Two Afrobarometer founders have received Distinguished Africanist awards from the African Studies Association (ASA) recognizing their scholarship, leadership, and service.

Professor E. Gyimah-Boadi, executive director of Afrobarometer and a champion of democracy across the continent, received the ASA’s Distinguished Africanist Award honoring his scholarship and service to the Africanist community.

Michael Bratton, professor emeritus at Michigan State University and senior adviser to Afrobarometer, was honoured for his scholarship, teaching, and leadership with the John Harbeson Distinguished Africanist Award from the African Politics Conference Group.

The awards were presented at the ASA’s 61st annual meeting in Atlanta.

The two men have collaborated for decades, joining forces with Robert Mattes in 1999 to create Afrobarometer, the pan-African research network committed to “giving voice” to ordinary citizens, and in 2004 to co-author the ground-breaking Public Opinion, Democracy, and Market Reform in Africa (Cambridge University Press).

Gyimah-Boadi, a prolific scholar and tireless advocate, is also the co-founder and former executive director of the Ghana Center for Democratic Development (CDD-Ghana).

A former professor in the Department of Political Science at the University of Ghana, Legon, he has held faculty positions at universities in the United States, including the School of International Service of the American University (Washington, D.C.), and fellowships at the Center for Democracy, Rule of Law and Development (Stanford University), the Woodrow Wilson International Center for Scholars, the U.S. Institute of Peace, and the International Forum for Democratic Development.

He is a fellow of the Ghana Academy of Arts and Sciences and a member of the editorial board of the Journal of Democracy and the Advisory Council of the Ibrahim Index of African Governance (London), among others.

Gyimah-Boadi’s articles have appeared in the Journal of Democracy and UNU-WIDER, among many others. His myriad other awards include the 2017 Martin Luther King, Jr. Award for Peace and Social Justice for advancing democracy, good governance, and economic opportunity.

Bratton, who retired this year as University Distinguished Professor of Political Science and African Studies at Michigan State University, is the author of six books, most recently Voting and Democratic Citizenship in Africa (Rienner, 2013) and Power Politics in Zimbabwe (Rienner, 2014).
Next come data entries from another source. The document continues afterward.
lemma U_inf_add_nonneg_le:
  assumes A: "A \<in> UOp" and B: "B \<in> UOp" and E: "E \<in> UOp" and pos: "\<forall>x. 0 \<le> E x"
  shows "U_inf A (\<lambda>x. B x + E x) x \<le> U_inf A B x + E x"
proof -
  have "U_inf A (\<lambda>x. B x + E x) x \<le> U_inf (\<lambda>x. A x + E x) (\<lambda>x. B x + E x) x"
    using A B E pos by (intro U_inf_mono UOp_plus) (auto simp: add_increasing2)
  also have "\<dots> = U_inf A B x + E x" by (rule U_inf_add_right[OF A B E])
  finally show ?thesis .
qed

definition U_sup ::
    "('e::vector_lattice \<Rightarrow> 'f::{vector_lattice, conditionally_complete_lattice}) \<Rightarrow> ('e \<Rightarrow> 'f) \<Rightarrow> 'e \<Rightarrow> 'f" where
  "U_sup R1 R2 x = R1 x + R2 x - U_inf R1 R2 x"

lemma U_sup_props:
  assumes R: "R1 \<in> UOp" "R2 \<in> UOp"
  shows UOp_U_sup: "U_sup R1 R2 \<in> UOp"
    and U_sup_ge1: "R1 x \<le> U_sup R1 R2 x"
    and U_sup_ge2: "R2 x \<le> U_sup R1 R2 x"
    and U_sup_least: "k \<in> UOp \<Longrightarrow> \<forall>x. R1 x \<le> k x \<Longrightarrow> \<forall>x. R2 x \<le> k x \<Longrightarrow> U_sup R1 R2 x \<le> k x"
proof -
  have "(\<lambda>x. R1 x + R2 x - U_inf R1 R2 x) \<in> UOp" using R by (intro UOp_minus UOp_plus UOp_U_inf)
  thus "U_sup R1 R2 \<in> UOp" by (simp add: U_sup_def[abs_def])
  show "R1 x \<le> U_sup R1 R2 x" using U_inf_le2[OF R, of x] by (simp add: U_sup_def)
  show "R2 x \<le> U_sup R1 R2 x" using U_inf_le1[OF R, of x] by (simp add: U_sup_def)
  assume k: "k \<in> UOp" "\<forall>x. R1 x \<le> k x" "\<forall>x. R2 x \<le> k x"
  have "(\<lambda>x. R1 x + R2 x - k x) \<in> UOp" using R k by (intro UOp_minus UOp_plus)
  moreover have "\<forall>x. R1 x + R2 x - k x \<le> R1 x" "\<forall>x. R1 x + R2 x - k x \<le> R2 x"
    using k by (auto simp: diff_le_eq add.commute add_left_mono)
  ultimately have "R1 x + R2 x - k x \<le> U_inf R1 R2 x"
    using U_inf_greatest[OF R, of "\<lambda>x. R1 x + R2 x - k x"] by simp
  thus "U_sup R1 R2 x \<le> k x" by (simp add: U_sup_def diff_le_eq le_diff_eq add.commute)
qed

lemma U_is_inf_iff:
  assumes "f \<in> UOp" "g \<in> UOp"
  shows "U_is_inf f g h \<longleftrightarrow> h = U_inf f g"
proof
  assume h: "U_is_inf f g h"
  hence hU: "h \<in> UOp" "\<forall>x. h x \<le> f x" "\<forall>x. h x \<le> g x" by (auto simp: U_is_inf_def le_fun_def)
  have "\<forall>x. h x \<le> U_inf f g x" using hU by (auto intro: U_inf_greatest[OF assms])
  moreover have "U_inf f g \<le> h" using h UOp_U_inf[OF assms] U_inf_le1[OF assms] U_inf_le2[OF assms]
    by (auto simp: U_is_inf_def le_fun_def)
  ultimately show "h = U_inf f g" by (auto simp: le_fun_def intro: order_antisym)
next
  assume "h = U_inf f g"
  thus "U_is_inf f g h"
    using UOp_U_inf[OF assms] U_inf_le1[OF assms] U_inf_le2[OF assms] U_inf_greatest[OF assms]
    by (auto simp: U_is_inf_def le_fun_def)
qed

lemma U_is_sup_iff:
  assumes "f \<in> UOp" "g \<in> UOp"
  shows "U_is_sup f g h \<longleftrightarrow> h = U_sup f g"
proof
  assume h: "U_is_sup f g h"
  hence hU: "h \<in> UOp" "\<forall>x. f x \<le> h x" "\<forall>x. g x \<le> h x" by (auto simp: U_is_sup_def le_fun_def)
  have "\<forall>x. U_sup f g x \<le> h x" using hU by (auto intro: U_sup_least[OF assms])
  moreover have "h \<le> U_sup f g" using h UOp_U_sup[OF assms] U_sup_ge1[OF assms] U_sup_ge2[OF assms]
    by (auto simp: U_is_sup_def le_fun_def)
  ultimately show "h = U_sup f g" by (auto simp: le_fun_def intro: order_antisym)
next
  assume "h = U_sup f g"
  thus "U_is_sup f g h"
    using UOp_U_sup[OF assms] U_sup_ge1[OF assms] U_sup_ge2[OF assms] U_sup_least[OF assms]
    by (auto simp: U_is_sup_def le_fun_def)
qed

definition U_abs :: "('e::vector_lattice \<Rightarrow> 'f::{vector_lattice, conditionally_complete_lattice}) \<Rightarrow> 'e \<Rightarrow> 'f" where
  "U_abs R = U_sup R (\<lambda>x. - R x)"

lemma U_abs_props:
  assumes R: "R \<in> UOp"
  shows UOp_U_abs: "U_abs R \<in> UOp"
    and U_abs_ge: "R x \<le> U_abs R x"
    and U_abs_ge_neg: "- R x \<le> U_abs R x"
    and U_abs_least: "k \<in> UOp \<Longrightarrow> \<forall>x. R x \<le> k x \<Longrightarrow> \<forall>x. - R x \<le> k x \<Longrightarrow> U_abs R x \<le> k x"
    and U_abs_nonneg: "0 \<le> U_abs R x"
proof -
  have nR: "(\<lambda>x. - R x) \<in> UOp" using R by (rule UOp_uminus)
  show "U_abs R \<in> UOp" unfolding U_abs_def using R nR by (rule UOp_U_sup)
  show 1: "R x \<le> U_abs R x" unfolding U_abs_def using U_sup_ge1[OF R nR] .
  show 2: "- R x \<le> U_abs R x" unfolding U_abs_def using U_sup_ge2[OF R nR] by simp
  show "k \<in> UOp \<Longrightarrow> \<forall>x. R x \<le> k x \<Longrightarrow> \<forall>x. - R x \<le> k x \<Longrightarrow> U_abs R x \<le> k x"
    unfolding U_abs_def using U_sup_least[OF R nR] by simp
  have "R x + - R x \<le> U_abs R x + U_abs R x" using 1 2 by (rule add_mono)
  thus "0 \<le> U_abs R x" by simp
qed

lemma U_abs_pos:
  assumes R: "R \<in> UOp" and pos: "\<forall>x. 0 \<le> R x"
  shows "U_abs R = R"
proof
  fix x
  have "U_abs R x \<le> R x" using R pos
    by (intro U_abs_least[OF R]) (auto intro: order.trans[of _ 0])
  thus "U_abs R x = R x" using U_abs_ge[OF R, of x] by simp
qed

lemma U_disj_iff:
  assumes R: "R \<in> UOp" and Q: "Q \<in> UOp"
  shows "U_disj R Q \<longleftrightarrow> (\<forall>x. U_inf (U_abs R) (U_abs Q) x = 0)"
proof -
  have nR: "(\<lambda>x. - R x) \<in> UOp" using R by (rule UOp_uminus)
  have nQ: "(\<lambda>x. - Q x) \<in> UOp" using Q by (rule UOp_uminus)
  have "U_disj R Q \<longleftrightarrow> U_is_inf (U_abs R) (U_abs Q) (\<lambda>_. 0)"
    unfolding U_disj_def U_is_sup_iff[OF R nR] U_is_sup_iff[OF Q nQ] U_abs_def by simp
  also have "\<dots> \<longleftrightarrow> (\<lambda>_. 0) = U_inf (U_abs R) (U_abs Q)"
    by (rule U_is_inf_iff[OF UOp_U_abs[OF R] UOp_U_abs[OF Q]])
  also have "\<dots> \<longleftrightarrow> (\<forall>x. U_inf (U_abs R) (U_abs Q) x = 0)" by (auto simp: fun_eq_iff)
  finally show ?thesis .
qed

lemma U_abs_diff_le:
  assumes R: "R1 \<in> UOp" "R2 \<in> UOp"
  shows "U_abs (\<lambda>x. R1 x - R2 x) x \<le> U_abs R1 x + U_abs R2 x"
proof (rule U_abs_least)
  show "(\<lambda>x. R1 x - R2 x) \<in> UOp" using R by (rule UOp_minus)
  show "(\<lambda>x. U_abs R1 x + U_abs R2 x) \<in> UOp" using R by (intro UOp_plus UOp_U_abs)
  show "\<forall>x. R1 x - R2 x \<le> U_abs R1 x + U_abs R2 x"
    using U_abs_ge[OF R(1)] U_abs_ge_neg[OF R(2)] by (metis add_mono diff_conv_add_uminus)
  show "\<forall>x. - (R1 x - R2 x) \<le> U_abs R1 x + U_abs R2 x"
    using U_abs_ge_neg[OF R(1)] U_abs_ge[OF R(2)]
    by (metis add_mono minus_diff_eq diff_conv_add_uminus add.commute)
qed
His articles have appeared in World Politics, The American Journal of Political Science, Comparative Politics, Comparative Political Studies, World Development, The Journal of Democracy, and The British Journal of Political Science, among others.

Bratton has served as a consultant to the World Bank, the United Nations Development Program, and USAID as well as numerous other international donor agencies and NGOs. He has been a Visiting Fellow at Nuffield College, Oxford, and a Jennings Randolph Senior Fellow at the U.S. Institute of Peace.